Studies of the human microbiome have revealed that even healthy individuals differ remarkably in the microbes thatoccupy habitats such as the gut, skin and vagina. Much of this diversity remains unexplained, although diet,environment, host genetics and early microbial exposure have all been implicated. Accordingly, to characterize theecology of human-associated microbial communities, the Human Microbiome Project has analysed the largest cohortand set of distinct, clinically relevant body habitats so far. We found the diversity and abundance of each habitat’ssignature microbes to vary widely even among healthy subjects, with strong niche specialization both within and amongindividuals. The project encountered an estimated 81–99% of the genera, enzyme families and communityconfigurations occupied by the healthy Western microbiome. Metagenomic carriage of metabolic pathways wasstable among individuals despite variation in community structure, and ethnic/racial background proved to be one ofthe strongest associations of both pathways and microbes with clinical metadata. These results thus delineate the rangeof structural and functional configurations normal in the microbial communities of a healthy population, enabling futurecharacterization of the epidemiology, ecology and translational applications of the human microbiome.

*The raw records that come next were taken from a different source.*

(* In the cargo–motor model described in the context, let $x(t):=\mathbb{E}[X(t)\mid\mathbf{J}]$ and $z_i(t):=\mathbb{E}[Z_i(t)\mid\mathbf{J}]$ for $t\ge0$, $i\in\{1,\dots,M\}$ (conditional expectations given the whole path of the jump process $\mathbf{J}$, i.e. averages over $W$). Then for each $t>0$, $$\frac{\mathrm{d}}{\mathrm{d}t}x(t)=\varepsilon^{-1}\sum_{i=1}^M\big(z_i(t)-x(t)\big)\quad\text{almost surely}.$$
   Context: Model. Fix an integer $M\ge1$, constants $\varepsilon>0$, $\sigma>0$, and positive rates $\lambda_{\text{on}}(m),\lambda_{\text{off}}(m),\lambda_{\text{step}}(m)>0$ for $m\in\{0,1,\dots,M\}$. Let $\mathbf{J}(t)=(J_1(t),\dots,J_M(t))$ be a continuous-time Markov jump process, each component taking values in $\{u,0,1,2,\dots\}$, with $J_i(0)=u$ for all $i$. Let $m(t)=\sum_{i=1}^M 1_{\{J_i(t)\neq u\}}$. Each component jumps, independently of the others given $m(t)$, with rates $u\to0$ at rate $\lambda_{\text{on}}(m(t))$, $j\to j+1$ at rate $\lambda_{\text{step}}(m(t))$ and $j\to u$ at rate $\lambda_{\text{off}}(m(t))$ for $j\ge0$. Let $W$ be a standard Brownian motion independent of $\mathbf{J}$. Let $\tau_i(t)=\sup\{s<t:J_i(s)=u\}$. The cargo position $X$, with $X(0)=0$, solves $\mathrm{d}X(t)=\varepsilon^{-1}\sum_{i=1}^M(Z_i(t)-X(t))\,\mathrm{d}t+\sigma\,\mathrm{d}W(t)$, where $Z_i(0)=0$ and $Z_i(t)=(X(\tau_i(t))+J_i(t))1_{\{J_i(t)\neq u\}}+X(t)1_{\{J_i(t)=u\}}$. *)

theory Defs
  imports "HOL-Probability.Probability"
begin

text \<open>Motor states: component i of a state is None (= unbound, u) or Some j (bound, j steps taken).
  Only components i in {1..M} are relevant.\<close>
type_synonym mstate = "nat \<Rightarrow> nat option"

definition occ :: "nat \<Rightarrow> mstate \<Rightarrow> nat" where
  "occ M s = card {i \<in> {1..M}. s i \<noteq> None}"

definition jrate :: "nat \<Rightarrow> (nat \<Rightarrow> real) \<Rightarrow> (nat \<Rightarrow> real) \<Rightarrow> (nat \<Rightarrow> real)
    \<Rightarrow> mstate \<Rightarrow> mstate \<Rightarrow> real" where
  "jrate M lon loff lstep s s2 =
     (\<Sum>i\<in>{1..M}. (case s i of
        None \<Rightarrow> (if s2 = s(i := Some 0) then lon (occ M s) else 0)
      | Some j \<Rightarrow> (if s2 = s(i := Some (Suc j)) then lstep (occ M s) else 0)
                 + (if s2 = s(i := None) then loff (occ M s) else 0)))"

definition exit_rate :: "nat \<Rightarrow> (nat \<Rightarrow> real) \<Rightarrow> (nat \<Rightarrow> real) \<Rightarrow> (nat \<Rightarrow> real)
    \<Rightarrow> mstate \<Rightarrow> real" where
  "exit_rate M lon loff lstep s =
     (\<Sum>i\<in>{1..M}. (case s i of None \<Rightarrow> lon (occ M s) | Some j \<Rightarrow> lstep (occ M s) + loff (occ M s)))"

definition Qgen :: "nat \<Rightarrow> (nat \<Rightarrow> real) \<Rightarrow> (nat \<Rightarrow> real) \<Rightarrow> (nat \<Rightarrow> real)
    \<Rightarrow> mstate \<Rightarrow> mstate \<Rightarrow> real" where
  "Qgen M lon loff lstep s s2 =
     jrate M lon loff lstep s s2 - (if s2 = s then exit_rate M lon loff lstep s else 0)"

text \<open>The finitely many states reachable from s in at most one jump (Q s r = 0 outside).\<close>
definition nbr :: "nat \<Rightarrow> mstate \<Rightarrow> mstate set" where
  "nbr M s = insert s ((\<lambda>i. s(i := Some 0)) ` {1..M} \<union> (\<lambda>i. s(i := None)) ` {1..M}
                       \<union> (\<lambda>i. s(i := map_option Suc (s i))) ` {1..M})"
lemma det_bordered_mat_delete_last_row:
  assumes "c < n" "2 \<le> n"
  shows "det (mat_delete (bordered_mat n x) n c) =
    - x / 2 * (- 1) ^ (n - 1) * det (mat_delete (tridiag_mat n (- 1 - 2 * x) x) 0 c)
    + x / 2 * det (mat_delete (tridiag_mat n (- 1 - 2 * x) x) (n - 1) c)"
proof -
  let ?B = "mat_delete (bordered_mat n x) n c"
  have B: "?B \<in> carrier_mat n n"
    by (simp add: mat_delete_def bordered_mat_def)
  have c: "\<not> n - 1 < c"
    using assms by simp
  have minor: "mat_delete ?B i (n - 1) = mat_delete (tridiag_mat n (- 1 - 2 * x) x) i c" if "i < n" for i
    by (rule eq_matI) (use assms that in \<open>auto simp: mat_delete_def bordered_mat_def tridiag_mat_def\<close>)
  have "det ?B = (\<Sum>i<n. ?B $$ (i, n - 1) * cofactor ?B i (n - 1))"
    by (rule laplace_expansion_column[OF B]) (use assms in auto)
  also have "\<dots> = (\<Sum>i\<in>{0, n - 1}. ?B $$ (i, n - 1) * cofactor ?B i (n - 1))"
    by (rule sum.mono_neutral_right)
      (use assms in \<open>auto simp: mat_delete_def bordered_mat_def border_vec_def\<close>)
  also have "\<dots> = ?B $$ (0, n - 1) * cofactor ?B 0 (n - 1) + ?B $$ (n - 1, n - 1) * cofactor ?B (n - 1) (n - 1)"
    using assms by simp
  also have "?B $$ (0, n - 1) = - x / 2"
    using assms c by (simp add: mat_delete_def bordered_mat_def border_vec_def)
  also have "?B $$ (n - 1, n - 1) = x / 2"
    using assms c by (simp add: mat_delete_def bordered_mat_def border_vec_def)
  also have "cofactor ?B 0 (n - 1) = (- 1) ^ (n - 1) * det (mat_delete (tridiag_mat n (- 1 - 2 * x) x) 0 c)"
    using assms minor[of 0] by (simp add: cofactor_def)
  also have "cofactor ?B (n - 1) (n - 1) = det (mat_delete (tridiag_mat n (- 1 - 2 * x) x) (n - 1) c)"
    using assms minor[of "n - 1"] by (simp add: cofactor_def flip: mult_2)
  finally show ?thesis
    by (simp add: mult_ac)
qed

It seems that most of the errors now are right on end-of-line boundaries? It's interesting that these particular errors were working previously in the copy/paste text that @dwhly provided. So perhaps the select/search algorithm merge (if it happened) stomped on something that was working better in the previous select algorithm?

mitar commented 11 years ago

@tilgovi yes, pdf.js works quite nicely on the server in head-less mode. We are using this in our meteor-pdf.js module. Adding OCR to it would be great feature when opening pdf.js on the server side to allow better full-text search even for PDFs which lack text content themselves. And then we could even push that OCR text to the client to overlay for text selection.

Do you know of any OCR library for node.js?

tilgovi commented 11 years ago

Maybe shell out to OCRopus?

speedplane commented 9 years ago

PR #5783 should fix this.

timvandermeij commented 8 years ago

Fixed after recent text selection patches.